Брафф сардонически рассмеялся.
- Не стоит притворяться передо мной, - дружелюбно продолжал голос. - Я знаю,
россказни о ваших плагиатах просто очередная небылица плодотворного воображения
Кристиана Браффа.
- Вы знаете?
- Конечно. Вы создали эту легенду, чтобы быть вхожим в убежище. Много лет вы
играли роль лживого негодяя, хотя временами кровь стыла у вас в жилах.
- И вы знаете, зачем я это делал?
- Конечно. Фактически, мистер Брафф, я знаю почти все, но признаю, что одно
смущает меня.
- Что именно?
- Ну, имея такую жажду свежего материала, почему вы не довольствовались
работой, подобно другим авторам, с которыми я знаком? К чему безумная жажда
уникального материала... абсолютно нетронутой области? Почему вы хотели
заплатить столь горькую и непомерную цену за несколько унций новизны?
- Почему? - Брафф окутался дымом и процедил сквозь зубы: - Вы бы поняли,
если бы были человеком. Я не обманываюсь в этом?..
- На этот вопрос не может быть ответа.
- Тогда я скажу вам, почему. Есть то, что мучает меня всю жизнь. Мое
воображение.
- А-а... Воображение!
- Если воображение слабое, человек всегда может найти мир глубоким и полным
бесконечных чудес, местом многочисленных восторгов. Но если воображение
сильное, крепкое, неустанное, он обнаружит мир очень жалким... тусклым, не
считая чудес, которые создал он сам.
- Воображаемых чудес.
- Для кого? Только не для меня, мой невидимый друг. Человек - ничтожное
существо, рожденное с воображением богов и созданное когда-то из глиняного
шарика и слюны. Во мне уникальная личность, мучительный стон безвременного
духа... И все это богатство завернуто в пакет из быстро снашивающейся кожи!
- Личность... - задумчиво пробормотал голос. - Это нечто такое, чего, увы,
никто из нас не понимает. Нигде во всей известной вселенной нельзя найти ее,
кроме как на этой планете, мистер Брафф. Иногда это пугает меня и убеждает, что
ваша раса будет... - Голос резко оборвался.
- Чем будет? - быстро спросил Брафф.
Существо проигнорировало его.
- Будете выбирать другую реальность в вашей вселенной или удовлетворитесь
тем, что уже имеете? Я могу предложить вам миры огромные и крошечные,
великие создания, сотрясающие пространство и наполняющие пустоту громами,
крошечные существа, очаровательные и совершенные, общающиеся напрямую мыслями.
Вас интересует страх? Могу дать вам содрогающую реальность. Боль? Муки? Любые
чувства? Назовите одно, несколько, все вместе. Я сформирую реальность,
превосходящую даже те гигантские концепции, что являются неотъемлимо вашими.
- Нет, - ответил, наконец, Брафф. - Чувства лишь чувства, со временем они
надоедают.
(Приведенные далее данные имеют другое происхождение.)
lemma Aut_comp:
  assumes g: "g \<in> Aut C F" and h: "h \<in> Aut C F"
  shows "comp C g h \<in> Aut C F \<and> inv_arr C (comp C g h) = comp C (inv_arr C h) (inv_arr C g)"
proof -
  let ?g' = "inv_arr C g" and ?h' = "inv_arr C h"
  have homs: "g \<in> hom C F F" "h \<in> hom C F F" "?g' \<in> hom C F F" "?h' \<in> hom C F F"
    using g h by (simp_all add: Aut_in_hom inv_arr_in_Aut)
  have gh: "comp C g h \<in> hom C F F" and hg': "comp C ?h' ?g' \<in> hom C F F"
    using homs comp_in_hom by blast+
  have left: "comp C (comp C ?h' ?g') (comp C g h) = ident C F"
  proof -
    have "comp C (comp C ?h' ?g') (comp C g h) = comp C ?h' (comp C ?g' (comp C g h))"
      using comp_assoc[OF gh homs(3,4)] by simp
    also have "comp C ?g' (comp C g h) = h"
      using inv_arr_comp_cancel[OF g homs(2)] .
    finally show ?thesis
      using comp_inv_arr_left[OF h] by simp
  qed
  have right: "comp C (comp C g h) (comp C ?h' ?g') = ident C F"
  proof -
    have "comp C (comp C g h) (comp C ?h' ?g') = comp C g (comp C h (comp C ?h' ?g'))"
      using comp_assoc[OF hg' homs(2,1)] by simp
    also have "comp C h (comp C ?h' ?g') = ?g'"
      using inv_arr_comp_cancel[OF inv_arr_in_Aut[OF h] homs(3)] inv_arr_inv_arr[OF h] by simp
    finally show ?thesis
      using comp_inv_arr_right[OF g] by simp
  qed
  show ?thesis
    using inv_arr_eqI[OF gh hg' left right] gh hg' left right unfolding Aut_def by blast
qed

end

lemma topspace_tau: "topspace (tau C Fin F) = Aut C F"
  unfolding tau_def by auto

lemma topspace_sigma: "topspace (sigma C Fin ObS homS U F) = fibre ObS U F"
  unfolding sigma_def by auto

lemma openin_tau_basic:
  "A \<in> Fin \<Longrightarrow> e1 \<in> hom C A F \<Longrightarrow> e2 \<in> hom C A F \<Longrightarrow> openin (tau C Fin F) {f \<in> Aut C F. comp C f e1 = e2}"
  unfolding tau_def by (rule topology_generated_by_Basis) blast

lemma openin_sigma_basic:
  "X \<in> ObS \<Longrightarrow> U X \<in> Fin \<Longrightarrow> e \<in> hom C (U X) F
   \<Longrightarrow> openin (sigma C Fin ObS homS U F) {Y \<in> fibre ObS U F. e \<in> homS X Y}"
  unfolding sigma_def by (rule topology_generated_by_Basis) blast

locale reasonable_expansion = Category C for C :: "('o, 'm) cat" +
  fixes ObS :: "'p set" and homS :: "'p \<Rightarrow> 'p \<Rightarrow> 'm set" and U :: "'p \<Rightarrow> 'o"
  assumes expansion: "expansion C ObS homS U"
    and reasonable: "reasonable C ObS homS U"
    and unique_restrictions: "unique_restrictions C ObS homS U"
begin
lemma avoiding_first_part:
  assumes m: "0 < m" and N: "0 < N"
  shows "avoiding m N = insert [] (\<Union>c\<in>{1..<N * m}. Cons c ` avoiding m (N - c div m))"
proof (rule set_eqI)
  fix cs
  show "cs \<in> avoiding m N \<longleftrightarrow> cs \<in> insert [] (\<Union>c\<in>{1..<N * m}. Cons c ` avoiding m (N - c div m))"
  proof (cases cs)
    case Nil
    then show ?thesis using N by (simp add: avoiding_def is_factorization_def run_capacity_def)
  next
    case (Cons c r)
    have "cs \<in> avoiding m N \<longleftrightarrow> 0 < c \<and> is_factorization r \<and> c div m + run_capacity m r < N"
      by (simp add: Cons avoiding_def is_factorization_def run_capacity_def)
    also have "\<dots> \<longleftrightarrow> c \<in> {1..<N * m} \<and> r \<in> avoiding m (N - c div m)"
      using div_less_iff_less_mult[OF m, of c N] by (auto simp: avoiding_def)
    finally show ?thesis by (auto simp: Cons)
  qed
qed

lemma infsum_avoiding_first_part:
  fixes f :: "nat list \<Rightarrow> real"
  assumes m: "0 < m" and N: "0 < N" and f: "f summable_on {cs. is_factorization cs}"
  shows "infsum f (avoiding m N) =
    f [] + (\<Sum>c\<in>{1..<N * m}. infsum (\<lambda>cs. f (c # cs)) (avoiding m (N - c div m)))"
proof -
  have factorizations: "(\<Union>c\<in>{1..<N * m}. Cons c ` avoiding m (N - c div m)) \<subseteq> {cs. is_factorization cs}"
    by (auto simp: avoiding_def is_factorization_def)
  have "infsum f (avoiding m N) = f [] + infsum f (\<Union>c\<in>{1..<N * m}. Cons c ` avoiding m (N - c div m))"
    unfolding avoiding_first_part[OF m N]
    by (rule infsum_insert[OF summable_on_subset_banach[OF f factorizations]]) auto
  also have "infsum f (\<Union>c\<in>{1..<N * m}. Cons c ` avoiding m (N - c div m)) =
      (\<Sum>c\<in>{1..<N * m}. infsum f (Cons c ` avoiding m (N - c div m)))"
    by (intro sum_infsum[symmetric] summable_on_subset_banach[OF f])
      (auto simp: avoiding_def is_factorization_def)
  also have "\<dots> = (\<Sum>c\<in>{1..<N * m}. infsum (\<lambda>cs. f (c # cs)) (avoiding m (N - c div m)))"
    by (simp add: infsum_reindex comp_def)
  finally show ?thesis .
qed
Вы не сможете удовлетворить воображение, что вспенивает мир все в
новых формах и вкусах.
- Тогда могу предложить вам миры со сверхизмерениями, которые ошеломят ваше
воображение. Я знаю систему, что будет вечно развлекать вас своим
несоответствием... Там, если вы печалитесь, то чешете ухо или его эквивалент,
если влюбляетесь, то пьете фруктовый напиток, а если умираете, то разражаетесь
хохотом... Я видел измерение, где человек может наверняка совершить
невозможное, где остряки ежедневно состязаются в составлении живых парадоксов и
где подвиг превращается в так называемую "костность". Хотите испробовать эмоции
в классическом исполнении? Я могу доставить вас в мир n-измерений, где вы
можете испытать интригующие нюансы двадцати семи основных эмоций - записанных,
конечно - и дойти до их комбинаций и скрещиваний. Математически это выглядит
так: 27 х 10 в 27 степени. Представляете, какое вы получите наслаждение?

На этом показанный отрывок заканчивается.